Relative permeability has a significant impact on the understanding of migration and accumulation of hydrocarbons in tight formations as well as on their development. However, estimation of oil-water relative permeability curves through conventional coreflooding methods is difficult due to the low-permeability and high capillary pressure in tight rock. This study aims at providing important theory basis for researching on the development of tight oil and gas reservoir.
In this work, relative permeability curves in tight core were derived from capillary pressure curves using normalization and non-standardized computational methods. The relationship in tight rock yields high-quality correlation coefficients, typically of the order of 0.95. This is interpreted here to indicate good fractal behavior, particularly for nanopores.
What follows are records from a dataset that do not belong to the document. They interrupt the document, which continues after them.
theorem lemma14:
  fixes \<Delta> m M \<pi> :: real and T :: nat and p :: "nat \<Rightarrow> real" and f :: "nat \<Rightarrow> real \<Rightarrow> real"
  assumes "\<Delta> > 0" and "0 < m" and "m \<le> M" and "\<pi> \<ge> 1"
    and "\<forall>s\<in>{1..T}. in_GPE \<Delta> m M (p s) (f s)"
    and "t \<in> {1..T}"
  shows "cr_pursuit \<Delta> \<pi> (\<lambda>s. gPE (p s) (f s)) t
     \<le> (2 / (1 + sqrt (1 - 1 / \<pi>))) *
        gPE (p t) (f t) (cr_pursuit \<Delta> \<pi> (\<lambda>s. gPE (p s) (f s)) t) / p t"
proof -
  define g where "g = (\<lambda>s. gPE (p s) (f s))"
  obtain k where k: "t = Suc k" "k < T" using assms(6) by (cases t) auto
  have G: "in_GPE \<Delta> m M (p t) (f t)" using assms(5,6) by auto
  hence f_cont: "continuous_on {0..\<Delta>} (f t)"
    by (auto simp: in_GPE_def differentiable_imp_continuous_on)
  have "continuous_on {0..\<Delta>} (g t)" unfolding g_def gPE_def by (intro continuous_intros f_cont)
  then obtain z where z: "z \<in> {0..\<Delta>}" "\<forall>y\<in>{0..\<Delta>}. g t y \<le> g t z"
    using continuous_attains_sup[of "{0..\<Delta>}" "g t"] assms(1) by auto
  have bounded: "\<forall>s\<in>{1..T}. \<forall>x\<in>{0..\<Delta>}. g s x \<le> M * \<Delta>"
  proof (intro ballI)
    fix s x assume s: "s \<in> {1..T}" and x: "x \<in> {0..\<Delta>}"
    have "p s \<le> M" "0 \<le> f s x" using assms(5) s x by (auto simp: in_GPE_def)
    thus "g s x \<le> M * \<Delta>" using x assms(2,3) by (auto simp: g_def gPE_def intro!: mult_mono)
  qed
  have "eta_OPT \<Delta> g k \<le> eta_OPT \<Delta> g t" "eta_OPT \<Delta> g t \<le> eta_OPT \<Delta> g k + g t z"
    using eta_OPT_le_Suc[of \<Delta> g k "M * \<Delta>"] eta_OPT_Suc_le[of \<Delta> g k "g t z" "M * \<Delta>"]
      bounded z k assms(1) by (auto simp: g_def gPE_def)
  hence "0 \<le> (eta_OPT \<Delta> g t - eta_OPT \<Delta> g (t - 1)) / \<pi>"
    "\<pi> * ((eta_OPT \<Delta> g t - eta_OPT \<Delta> g (t - 1)) / \<pi>) \<le> gPE (p t) (f t) z"
    using k assms(4) by (auto simp: g_def)
  thus ?thesis
    using least_level_point_bound[OF _ assms(4) _ f_cont _ _ _ z(1)] G assms(2)
    by (simp add: cr_pursuit_def g_def in_GPE_def)
qed

end
(* Let $A$ be a bounded linear operator on a complex Hilbert space $\mathcal{H}$, and let $W(A) = \{\langle Ax, x\rangle : x \in \mathcal{H}, \|x\| = 1\}$ be its numerical range. Then \[ \|A^*A - AA^*\| \le 2\, S(W(A)), \] where $S(W(A))$ denotes the area (planar Lebesgue measure) of $W(A) \subset \mathbb{C}$. *)

theory Defs
  imports "HOL-Analysis.Analysis"
begin

text \<open>The distribution has no complex vector spaces / complex inner product spaces,
so we introduce them as a type class: a real normed vector space carrying a complex
scalar multiplication (compatible with the real one) and a complex inner product
(linear in the first argument, conjugate symmetric, positive definite) inducing the norm.\<close>

class complex_inner = real_normed_vector +
  fixes scaleC :: "complex \<Rightarrow> 'a \<Rightarrow> 'a"
    and cinner :: "'a \<Rightarrow> 'a \<Rightarrow> complex"
  assumes scaleC_of_real: "scaleC (complex_of_real r) x = scaleR r x"
    and scaleC_add_right: "scaleC c (x + y) = scaleC c x + scaleC c y"
    and scaleC_add_left: "scaleC (c + d) x = scaleC c x + scaleC d x"
    and scaleC_scaleC: "scaleC c (scaleC d x) = scaleC (c * d) x"
    and scaleC_one: "scaleC 1 x = x"
    and cinner_add_left: "cinner (x + y) z = cinner x z + cinner y z"
    and cinner_scaleC_left: "cinner (scaleC c x) y = c * cinner x y"
    and cinner_commute: "cinner y x = cnj (cinner x y)"
    and cinner_self_real_nonneg: "Im (cinner x x) = 0 \<and> Re (cinner x x) \<ge> 0"
    and cinner_self_eq_zero: "cinner x x = 0 \<longleftrightarrow> x = 0"
    and norm_eq_sqrt_cinner: "norm x = sqrt (Re (cinner x x))"

class complex_hilbert = complex_inner + complete_space

definition bounded_clinear_op :: "('a::complex_inner \<Rightarrow> 'a) \<Rightarrow> bool" where
  "bounded_clinear_op A \<longleftrightarrow>
     (\<forall>x y. A (x + y) = A x + A y) \<and>
     (\<forall>c x. A (scaleC c x) = scaleC c (A x)) \<and>
     (\<exists>K. \<forall>x. norm (A x) \<le> K * norm x)"
(* second_moment + 1 stands in for second_moment (which is at least 1 anyway) only because its
   positivity is immediate. *)
lemma integral_exp_minus_Fconst_le:
  assumes "0 \<le> l" "1 \<le> p" "1 \<le> q"
  shows "(\<integral>\<omega>. exp (- l * Fconst (\<lambda>n. X n \<omega>) p j q) \<partial>M)
    \<le> exp ((- l + l\<^sup>2 * (second_moment + 1) / 2) * ((real p + real q) / 2))"
proof -
  let ?W = "Fwindow p j q" and ?w = "Fweight p j q"
  have fin: "finite ?W" unfolding Fwindow_def by simp
  have "(\<integral>\<omega>. exp (- l * Fconst (\<lambda>n. X n \<omega>) p j q) \<partial>M)
      = (\<integral>\<omega>. (\<Prod>n\<in>?W. exp (- (l * ?w n) * X n \<omega>)) \<partial>M)"
    using fin by (simp add: Fconst_eq_sum_Fweight[OF assms(2,3)] sum_distrib_left exp_sum
        flip: sum_negf mult.assoc)
  also have "\<dots> = (\<Prod>n\<in>?W. \<integral>\<omega>. exp (- (l * ?w n) * X n \<omega>) \<partial>M)"
  proof (rule indep_vars_lebesgue_integral[OF fin])
    have "indep_vars (\<lambda>_. borel) X ?W" by (rule indep_vars_subset[OF X_indep]) auto
    then show "indep_vars (\<lambda>_. borel) (\<lambda>n \<omega>. exp (- (l * ?w n) * X n \<omega>)) ?W"
      by (rule indep_vars_compose2[where Y="\<lambda>n x. exp (- (l * ?w n) * x)"]) auto
    show "integrable M (\<lambda>\<omega>. exp (- (l * ?w n) * X n \<omega>))" if "n \<in> ?W" for n
      using that Fweight_bounds[OF assms(2,3)] assms(1) by (intro integrable_exp_minus_X) simp
  qed
  also have "\<dots> \<le> (\<Prod>n\<in>?W. exp ((- l + l\<^sup>2 * (second_moment + 1) / 2) * ?w n))"
  proof (rule prod_mono)
    fix n assume "n \<in> ?W"
    then have w: "0 \<le> ?w n" "?w n \<le> 1" using Fweight_bounds[OF assms(2,3)] by auto
    have "(?w n)\<^sup>2 * second_moment \<le> ?w n * (second_moment + 1)"
      using w second_moment_nonneg by (intro mult_mono) (auto simp: power2_eq_square mult_left_le_one_le)
    then have "l\<^sup>2 * ((?w n)\<^sup>2 * second_moment) \<le> l\<^sup>2 * (?w n * (second_moment + 1))"
      by (rule mult_left_mono) simp
    then have "- (l * ?w n) + (l * ?w n)\<^sup>2 * second_moment / 2 \<le> (- l + l\<^sup>2 * (second_moment + 1) / 2) * ?w n"
      by (simp add: power_mult_distrib algebra_simps)
    then have "exp (- (l * ?w n) + (l * ?w n)\<^sup>2 * second_moment / 2)
        \<le> exp ((- l + l\<^sup>2 * (second_moment + 1) / 2) * ?w n)"
      by simp
    then have "(\<integral>\<omega>. exp (- (l * ?w n) * X n \<omega>) \<partial>M) \<le> exp ((- l + l\<^sup>2 * (second_moment + 1) / 2) * ?w n)"
      using order_trans[OF integral_exp_minus_X_le[of "l * ?w n" n]] w assms(1) by simp
    then show "0 \<le> (\<integral>\<omega>. exp (- (l * ?w n) * X n \<omega>) \<partial>M) \<and>
        (\<integral>\<omega>. exp (- (l * ?w n) * X n \<omega>) \<partial>M) \<le> exp ((- l + l\<^sup>2 * (second_moment + 1) / 2) * ?w n)"
      by simp
  qed
  also have "\<dots> = exp ((- l + l\<^sup>2 * (second_moment + 1) / 2) * ((real p + real q) / 2))"
    using fin by (simp add: exp_sum sum_distrib_left[symmetric] sum_Fweight[OF assms(2,3)] flip: exp_sum)
  finally show ?thesis .
qed
lemma nab_in_secF [simp]: "Y \<in> secF PF \<Longrightarrow> nab V Y \<in> secF PF"
  and nab_add_left: "Y \<in> secF PF \<Longrightarrow> nab (V + W) Y = nab V Y + nab W Y"
  and nab_add_right: "Y \<in> secF PF \<Longrightarrow> Z \<in> secF PF \<Longrightarrow> nab V (Y + Z) = nab V Y + nab V Z"
  using connection unfolding connection_on_F_def by blast+

lemma nab_diff_right: "Y \<in> secF PF \<Longrightarrow> Z \<in> secF PF \<Longrightarrow> nab V (Y - Z) = nab V Y - nab V Z"
  using nab_add_right[of "Y - Z" Z V] by (simp add: eq_diff_eq)

end

locale koszul_F_connection = split_connection +
  assumes koszul_F: "\<And>X Y Z. X \<in> secF PF \<Longrightarrow> Y \<in> secF PF \<Longrightarrow> Z \<in> secF PF \<Longrightarrow>
       2 * g (nab X Y) Z = act X (g Y Z) + act Y (g Z X) - act Z (g X Y)
         - g Y (PF (br X Z)) - g Z (PF (br Y X)) + g X (PF (br Z Y))"
begin

lemma nab_torsion_free:
  assumes A: "A \<in> secF PF" and B: "B \<in> secF PF"
  shows "nab A B - nab B A = PF (br A B)"
proof -
  have "g (nab A B - nab B A - PF (br A B)) W = 0" if W: "W \<in> secF PF" for W
  proof (rule two_mult_cancel)
    have g_swap: "g W A = g A W" "g W B = g B W" "g B A = g A B" "g W (PF (br A B)) = g (PF (br A B)) W"
      using A B W g_sym by simp_all
    have br_swap: "g B (PF (br W A)) = - g B (PF (br A W))" "g A (PF (br W B)) = - g A (PF (br B W))"
        "g W (PF (br B A)) = - g (PF (br A B)) W"
      using A B W
      by (simp_all add: br_antisym[of W A] br_antisym[of W B] br_antisym[of B A] PF.minus g_minus_right g_swap(4))
    have "2 * g (nab A B - nab B A - PF (br A B)) W
        = 2 * g (nab A B) W - 2 * g (nab B A) W - 2 * g (PF (br A B)) W"
      using A B W by (simp add: g_diff_left right_diff_distrib)
    also have "\<dots> = 2 * 0"
      unfolding koszul_F[OF A B W] koszul_F[OF B A W] g_swap br_swap
      by (simp add: algebra_simps)
    finally show "2 * g (nab A B - nab B A - PF (br A B)) W = 2 * 0" .
  qed
  then show ?thesis
    using A B g_nondegenerate[of "nab A B - nab B A - PF (br A B)"] by simp
qed

lemma curv_cyclic_term:
  assumes X: "X \<in> secF PF" and Y: "Y \<in> secF PF" and Z: "Z \<in> secF PF"
  shows "nab X (nab Y Z - nab Z Y) - nab (br Y Z) X
    = PF (br X (br Y Z)) + (PF (br X (OmegaF br PF Y Z)) + nab (OmegaF br PF Y Z) X)"
proof -
  define \<Omega> where "\<Omega> = OmegaF br PF Y Z"
  have split: "PF (br Y Z) = br Y Z + \<Omega>"
    unfolding \<Omega>_def by (rule PF_br_eq_br_plus_OmegaF)
  have "nab (br Y Z) X = nab (PF (br Y Z)) X - nab \<Omega> X"
    using nab_add_left[OF X, of "br Y Z" \<Omega>] unfolding split by simp
  moreover have "nab X (PF (br Y Z)) - nab (PF (br Y Z)) X = PF (br X (br Y Z)) + PF (br X \<Omega>)"
    using nab_torsion_free[OF X PF_in_secF, of "br Y Z"]
    unfolding split additive.add[OF additive_br_right] PF_add .
  ultimately show ?thesis
    using nab_torsion_free[OF Y Z] unfolding \<Omega>_def[symmetric] by (simp add: algebra_simps)
qed

lemma curv_cyclic_sum:
  assumes X: "X \<in> secF PF" and Y: "Y \<in> secF PF" and Z: "Z \<in> secF PF"
  shows "curv br nab X Y Z + curv br nab Z X Y + curv br nab Y Z X
    = (PF (br X (OmegaF br PF Y Z)) + nab (OmegaF br PF Y Z) X)
    + (PF (br Y (OmegaF br PF Z X)) + nab (OmegaF br PF Z X) Y)
    + (PF (br Z (OmegaF br PF X Y)) + nab (OmegaF br PF X Y) Z)"
proof -
  have "curv br nab X Y Z + curv br nab Z X Y + curv br nab Y Z X
      = (nab X (nab Y Z - nab Z Y) - nab (br Y Z) X) + (nab Y (nab Z X - nab X Z) - nab (br Z X) Y)
      + (nab Z (nab X Y - nab Y X) - nab (br X Y) Z)"
    using X Y Z by (simp add: curv_def nab_diff_right algebra_simps)
  also have "\<dots> = PF (br X (br Y Z) + br Y (br Z X) + br Z (br X Y))
      + (PF (br X (OmegaF br PF Y Z)) + nab (OmegaF br PF Y Z) X)
      + (PF (br Y (OmegaF br PF Z X)) + nab (OmegaF br PF Z X) Y)
      + (PF (br Z (OmegaF br PF X Y)) + nab (OmegaF br PF X Y) Z)"
    using X Y Z by (simp add: curv_cyclic_term PF_add algebra_simps)
  finally show ?thesis
    by (simp add: br_jacobi PF.zero)
qed

end

locale koszul_T_connection = split_connection +
  assumes koszul_T: "\<And>U Y Z. U \<in> secT PF \<Longrightarrow> Y \<in> secF PF \<Longrightarrow> Z \<in> secF PF \<Longrightarrow>
       2 * g (nab U Y) Z = act U (g Y Z) - g Y (PF (br U Z)) - g Z (PF (br Y U))"
begin

lemma LieF_eq_g_PF_br_plus_nab:
  assumes U: "U \<in> secT PF" and A: "A \<in> secF PF" and W: "W \<in> secF PF"
  shows "LieF act br PF g U A W = 2 * g (PF (br A U) + nab U A) W"
proof -
  have "2 * g (PF (br A U) + nab U A) W = 2 * g (PF (br A U)) W + 2 * g (nab U A) W"
    using A W by (simp add: g_add_left distrib_left)
  also have "\<dots> = act U (g A W) - g (PF (br U A)) W - g A (PF (br U W))"
    using A W by (simp add: koszul_T[OF U A W] br_antisym[of A U] PF.minus
        g_minus_left g_minus_right g_sym[of W "PF (br U A)"] algebra_simps)
  finally show ?thesis by (simp add: LieF_def)
qed

end

theorem mainTheorem5:
  fixes sm :: "'f::{comm_ring_1,real_algebra_1} \<Rightarrow> 'v::ab_group_add \<Rightarrow> 'v"
    and act :: "'v \<Rightarrow> 'f \<Rightarrow> 'f"
    and br :: "'v \<Rightarrow> 'v \<Rightarrow> 'v"
    and PF :: "'v \<Rightarrow> 'v"
    and g :: "'v \<Rightarrow> 'v \<Rightarrow> 'f"
    and nab :: "'v \<Rightarrow> 'v \<Rightarrow> 'v"
  assumes vf: "vector_fields sm act br"
    and spl: "splitting sm PF"
    and met: "fiber_metric sm PF g"
    and conn: "connection_on_F sm act PF nab"
    and koszulF: "\<And>X Y Z. X \<in> secF PF \<Longrightarrow> Y \<in> secF PF \<Longrightarrow> Z \<in> secF PF \<Longrightarrow>
       2 * g (nab X Y) Z = act X (g Y Z) + act Y (g Z X) - act Z (g X Y)
         - g Y (PF (br X Z)) - g Z (PF (br Y X)) + g X (PF (br Z Y))"
    and koszulT: "\<And>U Y Z. U \<in> secT PF \<Longrightarrow> Y \<in> secF PF \<Longrightarrow> Z \<in> secF PF \<Longrightarrow>
       2 * g (nab U Y) Z = act U (g Y Z) - g Y (PF (br U Z)) - g Z (PF (br Y U))"
    and XF: "X \<in> secF PF" and YF: "Y \<in> secF PF" and ZF: "Z \<in> secF PF" and WF: "W \<in> secF PF"
  shows "g (curv br nab X Y Z + curv br nab Z X Y + curv br nab Y Z X) W =
    (1/2) *\<^sub>R (LieF act br PF g (OmegaF br PF Y Z) X W
              + LieF act br PF g (OmegaF br PF X Y) Z W
              + LieF act br PF g (OmegaF br PF Z X) Y W)"
proof -
  interpret koszul_F_connection sm act br PF g nab
    using vf spl met conn koszulF by unfold_locales
  interpret koszul_T_connection sm act br PF g nab
    using koszulT by unfold_locales
  have "2 * g (curv br nab X Y Z + curv br nab Z X Y + curv br nab Y Z X) W
      = 2 * g (PF (br X (OmegaF br PF Y Z)) + nab (OmegaF br PF Y Z) X) W
      + 2 * g (PF (br Y (OmegaF br PF Z X)) + nab (OmegaF br PF Z X) Y) W
      + 2 * g (PF (br Z (OmegaF br PF X Y)) + nab (OmegaF br PF X Y) Z) W"
    using XF YF ZF WF by (simp add: curv_cyclic_sum g_add_left distrib_left)
  also have "\<dots> = LieF act br PF g (OmegaF br PF Y Z) X W
      + LieF act br PF g (OmegaF br PF Z X) Y W
      + LieF act br PF g (OmegaF br PF X Y) Z W"
    by (simp only: LieF_eq_g_PF_br_plus_nab[OF OmegaF_in_secT XF WF]
        LieF_eq_g_PF_br_plus_nab[OF OmegaF_in_secT YF WF]
        LieF_eq_g_PF_br_plus_nab[OF OmegaF_in_secT ZF WF])
  also have "\<dots> = 2 * ((1/2) *\<^sub>R (LieF act br PF g (OmegaF br PF Y Z) X W
              + LieF act br PF g (OmegaF br PF X Y) Z W
              + LieF act br PF g (OmegaF br PF Z X) Y W))"
    by (simp only: two_mult_half_scaleR add_ac)
  finally show ?thesis
    by (rule two_mult_cancel)
qed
Fractal dimension D ranges from 2.5362 to 2.7399 in this study. The larger value of D represents smaller pore size and more complicated pore structures. The connate water saturation from theoretically derived relative permeability curves for tight cores can reach a value as high as 60–80% and the two-phase flow area is narrow. The total effective permeability is low and the two-phase flow process is complex.
The drainage capillary pressure curve actually reflects the process during which the non-wetting phase displaces the wetting phase, thus the derived relative permeability curve for oil-water system should be comparable to the results from coreflooding experiments of oil displacing water. The calculated permeability curves are in good agreement with data obtained from the laboratory experiments, and can be especially applied to reservoir simulation work of the migration and accumulation of hydrocarbon in tight rock.
Tight oil is an alternative resource to conventional resource, which is widely distributed in China and other countries in the world. Tight oil refers to the oil that accumulates in source rocks as free or adsorbed substance, or the oil that accumulates in tight sandstones and carbonates adjacent to source rocks. Generally, this tight oil accumulation does not necessarily experience migration [1]. Tight oil which is mostly accumulated in the nano-sized pore-throats exhibits complicated flow behavior and is mainly driven by abnormal high pressure. Tight oil distributes pervasively and continuously in tight strata of source and reservoir rocks.